Improved Differentially Private Euclidean Distance Approximation

TL;DR

This paper introduces a more accurate and private method for estimating Euclidean distances between vectors using differentially private sketches, combining advanced Johnson-Lindenstrauss constructions with Laplace or Gaussian mechanisms.

Contribution

It presents a novel differentially private estimator for Euclidean distance that improves variance and privacy guarantees over previous methods, especially for small delta values.

Findings

Laplace mechanism yields lower variance than Gaussian for small delta

Proposed estimator achieves pure differential privacy

Utilizes optimized Johnson-Lindenstrauss constructions for efficiency

Abstract

This work shows how to privately and more accurately estimate Euclidean distance between pairs of vectors.
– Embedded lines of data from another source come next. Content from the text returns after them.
lemma T_outside: "c \<notin> cells [n, n] \<Longrightarrow> T c = {}"
  using svt by (cases c) (simp add: SVT_def)

lemma finite_card_T: "c \<in> cells [n, n] \<Longrightarrow> finite (T c) \<and> card (T c) = rho c"
  using svt by (simp add: SVT_def)

lemma T_disjoint:
  "c \<in> cells [n, n] \<Longrightarrow> d \<in> cells [n, n] \<Longrightarrow> c \<noteq> d \<Longrightarrow> T c \<inter> T d = {}"
  using svt by (simp add: SVT_def)

lemma UN_T: "(\<Union>c\<in>cells [n, n]. T c) = {1..density_total [n, n] rho}"
  using svt by (simp add: SVT_def)

lemma T_row_increasing:
  "(i, j) \<in> cells [n, n] \<Longrightarrow> (i, Suc j) \<in> cells [n, n] \<Longrightarrow>
    x \<in> T (i, j) \<Longrightarrow> y \<in> T (i, Suc j) \<Longrightarrow> x < y"
  using svt by (auto simp: SVT_def)

lemma T_column_increasing:
  "(i, j) \<in> cells [n, n] \<Longrightarrow> (Suc i, j) \<in> cells [n, n] \<Longrightarrow>
    x \<in> T (i, j) \<Longrightarrow> y \<in> T (Suc i, j) \<Longrightarrow> x < y"
  using svt by (auto simp: SVT_def)

lemma positions_word_E: "positions word E = (\<Union>j\<in>{1..n}. T (1, j))"
proof -
  have "T (1, j) \<subseteq> {1..density_total [n, n] rho}" for j
    using UN_T T_outside[of "(1, j)"] by (cases "(1, j) \<in> cells [n, n]") auto
  moreover have "T (1, j) = {}" if "j \<notin> {1..n}" for j
    using T_outside that by (simp add: cells_two_rows)
  ultimately show ?thesis unfolding positions_psi_E by blast
qed

lemma positions_word_N: "positions word N = (\<Union>j\<in>{1..n}. T (2, j))"
proof -
  have "positions word N = {1..density_total [n, n] rho} - positions word E"
    using positions_E_Un_N[of word] positions_E_Int_N[of word] by auto
  also have "\<dots> = (\<Union>c\<in>cells [n, n]. T c) - (\<Union>j\<in>{1..n}. T (1, j))"
    by (simp add: UN_T positions_word_E)
  also have "\<dots> = (\<Union>j\<in>{1..n}. T (2, j))"
  proof -
    have "T (1, i) \<inter> T (2, j) = {}" for i j
      using T_disjoint[of "(1, i)" "(2, j)"] T_outside[of "(1, i)"] T_outside[of "(2, j)"]
      by (cases "i \<in> {1..n} \<and> j \<in> {1..n}") (auto simp: cells_two_rows)
    then show ?thesis unfolding cells_two_rows by blast
  qed
  finally show ?thesis .
qed

lemma positions_word: "i \<in> {1, 2} \<Longrightarrow> positions word (row_letter i) = (\<Union>j\<in>{1..n}. T (i, j))"
  by (auto simp: row_letter_def positions_word_E positions_word_N)

lemma row_increasing_partition:
  assumes "i \<in> {1, 2}"
  shows "increasing_partition n (\<lambda>j. T (i, j)) (row_density rho i)"
proof
  fix j assume "j \<in> {1..n}"
  then have cell: "(i, j) \<in> cells [n, n]" using assms by (auto simp: cells_two_rows)
  show "finite (T (i, j))" "card (T (i, j)) = row_density rho i j"
    using finite_card_T[OF cell] by (simp_all add: row_density_def)
  show "0 < row_density rho i j"
    using density_pos[OF cell] by (simp add: row_density_def)
next
  fix j x y assume "1 \<le> j" "j < n" "x \<in> T (i, j)" "y \<in> T (i, Suc j)"
  then show "x < y" using T_row_increasing[of i j x y] assms by (auto simp: cells_two_rows)
qed

lemma T_eq_block:
  "(i, j) \<in> cells [n, n] \<Longrightarrow> T (i, j) = block word (row_letter i) (row_density rho i) j"
  using increasing_partition.part_eq_block[OF row_increasing_partition positions_word]
  by (auto simp: cells_two_rows)

lemma T_eq_word_tableau: "T = word_tableau n rho word"
proof
  fix c show "T c = word_tableau n rho word c"
    by (cases c) (simp add: word_tableau_def T_eq_block T_outside)
qed

lemma word_in_paths:
  "word \<in> paths (partial_sum (row_density rho 1) n) (partial_sum (row_density rho 2) n)"
proof -
  have count: "count_list word (row_letter i) = partial_sum (row_density rho i) n"
    if "i \<in> {1, 2}" for i
    using increasing_partition.card_UN_part[OF row_increasing_partition[OF that], of n]
    by (simp add: count_list_eq_card_positions positions_word[OF that])
  show ?thesis
    using count[of 1] count[of 2] by (simp add: paths_def density_total_two_rows row_letter_def)
qed

lemma word_columns_increasing:
  "j \<in> {1..n} \<Longrightarrow> x \<in> block word E (row_density rho 1) j \<Longrightarrow>
    y \<in> block word N (row_density rho 2) j \<Longrightarrow> x < y"
  using T_eq_block[of 1 j] T_eq_block[of 2 j] T_column_increasing[of 1 j x y]
  by (simp add: cells_two_rows row_letter_def numeral_2_eq_2)

end

section \<open>The maximal path\<close>

lemma count_list_replicate [simp]: "count_list (replicate k x) y = (if x = y then k else 0)"
  by (induction k) auto

lemma path_points_eq_ranks: "path_points w = {(rank w E k, rank w N k) | k. k \<le> length w}"
  by (simp add: path_points_def point_def rank_def)

lemma P_max_0 [simp]: "P_max 0 av bv = []"
  by (simp add: P_max_def)

lemma P_max_Suc:
  "P_max (Suc m) av bv = P_max m av bv @ replicate (av (Suc m)) E @ replicate (bv (Suc m)) N"
  by (simp add: P_max_def)

lemma count_list_P_max:
  "count_list (P_max m av bv) E = partial_sum av m"
  "count_list (P_max m av bv) N = partial_sum bv m"
  by (induction m) (simp_all add: P_max_Suc)

lemma length_P_max: "length (P_max m av bv) = partial_sum av m + partial_sum bv m"
  by (induction m) (simp_all add: P_max_Suc)

lemma P_max_prefix: "j \<le> m \<Longrightarrow> \<exists>rest. P_max m av bv = P_max j av bv @ rest"
  by (induction m) (auto simp: P_max_Suc le_Suc_eq)

lemma P_max_split:
  "j < m \<Longrightarrow> \<exists>rest. P_max m av bv =
     P_max j av bv @ replicate (av (Suc j)) E @ replicate (bv (Suc j)) N @ rest"
  using P_max_prefix[of "Suc j" m] by (auto simp: P_max_Suc)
Input vectors $x$ and $y$ are mapped to differentially private sketches $x'$ and $y'$, from which one can estimate the distance between $x$ and $y$. Our estimator relies on the Sparser Johnson-Lindenstrauss constructions by Kane \& Nelson (Journal of the ACM 2014), which for any $0<\alpha,\beta<1/2$ have optimal output dimension $k=\Theta(\alpha^{-2}\log(1/\beta))$ and sparsity $s=O(\alpha^{-1}\log(1/\beta))$. We combine the constructions of Kane \& Nelson with either the Laplace or the Gaussian mechanism from the differential privacy literature, depending on the privacy parameters $\varepsilon$ and $\delta$. We also suggest a differentially private version of Fast Johnson-Lindenstrauss Transform (FJLT) by Ailon \& Chazelle (SIAM Journal of Computing 2009) which offers a tradeoff in speed for variance for certain parameters. We answer an open question by Kenthapadi et al.~(Journal of Privacy and Confidentiality 2013) by analyzing the privacy and utility guarantees of an estimator for Euclidean distance, relying on Laplacian rather than Gaussian noise. We prove that the Laplace mechanism yields lower variance than the Gaussian mechanism whenever $\delta<\beta^{O(1/\alpha)}$. Thus, our work poses an improvement over the work of Kenthapadi et al.~by giving a more efficient estimator with lower variance for sufficiently small $\delta$. Our sketch also achieves \emph{pure} differential privacy as a neat side-effect of the Laplace mechanism rather than the \emph{approximate} differential privacy guarantee of the Gaussian mechanism, which may not be sufficiently strong for some settings.